### Exercise objective
Each line of the data that includes the string "thesis" is to be copied out.

◆ ◆ ◆

definition arru_X :: "('s \<Rightarrow> real) \<Rightarrow> (nat \<Rightarrow> 'w \<Rightarrow> 's) \<Rightarrow> (nat \<Rightarrow> 'w \<Rightarrow> 's) \<Rightarrow> (nat \<Rightarrow> 'w \<Rightarrow> real)
    \<Rightarrow> (nat \<Rightarrow> 'w \<Rightarrow> real) \<Rightarrow> (nat \<Rightarrow> 'w \<Rightarrow> real) \<Rightarrow> real \<Rightarrow> real \<Rightarrow> nat \<Rightarrow> 'w \<Rightarrow> real" where
  "arru_X u xi1 xi2 U r1 r2 y10 y20 n w =
     (if n = 0 then 0 else if U n w < arru_Z u xi1 xi2 U r1 r2 y10 y20 (n - 1) w then 1 else 0)"

text \<open>Observed draw X_i xi_{1,i} + (1 - X_i) xi_{2,i}.\<close>
definition arru_obs where
  "arru_obs u xi1 xi2 U r1 r2 y10 y20 n w =
     (if arru_X u xi1 xi2 U r1 r2 y10 y20 n w = 1 then xi1 n w else xi2 n w)"

definition arru_F :: "'w measure \<Rightarrow> 's measure \<Rightarrow> ('s \<Rightarrow> real) \<Rightarrow> (nat \<Rightarrow> 'w \<Rightarrow> 's) \<Rightarrow> (nat \<Rightarrow> 'w \<Rightarrow> 's)
    \<Rightarrow> (nat \<Rightarrow> 'w \<Rightarrow> real) \<Rightarrow> (nat \<Rightarrow> 'w \<Rightarrow> real) \<Rightarrow> (nat \<Rightarrow> 'w \<Rightarrow> real) \<Rightarrow> real \<Rightarrow> real \<Rightarrow> nat \<Rightarrow> 'w measure" where
  "arru_F M S u xi1 xi2 U r1 r2 y10 y20 n =
     sigma (space M)
       (\<Union>i\<in>{1..n}.
          {arru_X u xi1 xi2 U r1 r2 y10 y20 i -` A \<inter> space M | A. A \<in> sets (borel :: real measure)}
        \<union> {arru_obs u xi1 xi2 U r1 r2 y10 y20 i -` A \<inter> space M | A. A \<in> sets S})"

end

theory Submission
  imports Defs "HOL-Real_Asymp.Real_Asymp"
begin

text \<open>Let \<open>T n = Y1 n + Y2 n\<close> and let \<open>m n = min (Y1 n) (Y2 n) / T n\<close> be the fraction of the
  minority colour. As the thresholds are ordered, a draw of at least one colour is accepted at
  every step, so given the past the urn grows by at least \<open>a\<close> with probability at least \<open>m n\<close>; by
  the mean value theorem \<open>E[T (n+1)^-j] \<le> E[T n^-j] - c E[m n * T n^(-j-1)]\<close>. Splitting
  \<open>T^-j \<le> l m T^(-j-1) + (l m)^-j\<close> with \<open>l\<close> proportional to \<open>n\<close> turns this into a recursive
  inequality whose solutions decay like \<open>n^-j\<close>, provided \<open>E[m n^-j]\<close> is bounded. Since
  \<open>1 / m \<le> T / Y1 + T / Y2\<close>, it suffices to bound the moments of \<open>T / Y1\<close> (and symmetrically
  \<open>T / Y2\<close>): this ratio grows at most linearly, and above a fixed level it can only grow at steps
  where the estimate of \<open>\<rho>\<^sub>2\<close> is far off, which by condition (E) has exponentially small
  probability.\<close>

section \<open>Independent uniform decisions\<close>

lemma integral_uniform_if_less:
  fixes z x1 x2 :: real assumes z: "0 \<le> z" "z \<le> 1"
  shows "(\<integral>t. (if t < z then x1 else x2) \<partial>uniform_measure lborel {0<..<1::real}) = z * x1 + (1 - z) * x2"
proof -
  interpret PU: prob_space "uniform_measure lborel {0<..<1::real}"
    by (intro prob_space_uniform_measure) auto
  have int: "integrable (uniform_measure lborel {0<..<1::real}) (\<lambda>t. (x1 - x2) * indicator {..<z} t :: real)"
    using PU.emeasure_finite[of "{..<z}", folded less_top]
    by (intro integrable_mult_right integrable_real_indicator) (auto simp: less_top)
  have prob: "measure (uniform_measure lborel {0<..<1::real}) {..<z} = z"
  proof -
    have "{0<..<1::real} \<inter> {..<z} = {0<..<z}" using z by auto
    then show ?thesis using z by simp
  qed
  have "(\<lambda>t. if t < z then x1 else x2) = (\<lambda>t. x2 + (x1 - x2) * indicator {..<z} t)"
    by (auto simp: fun_eq_iff indicator_def)
  then have "(\<integral>t. (if t < z then x1 else x2) \<partial>uniform_measure lborel {0<..<1::real})
      = x2 + (x1 - x2) * measure (uniform_measure lborel {0<..<1::real}) {..<z}"
    by (simp only: Bochner_Integration.integral_add[OF PU.integrable_const int]
        integral_mult_right_zero Bochner_Integration.integral_indicator)
      (use PU.prob_space in \<open>simp del: measure_uniform_measure\<close>)
  then show ?thesis by (simp only: prob) (simp add: algebra_simps)
qed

◆ ◆ ◆

### Result below
    then show ?thesis using z by simp
  then show ?thesis by (simp only: prob) (simp add: algebra_simps)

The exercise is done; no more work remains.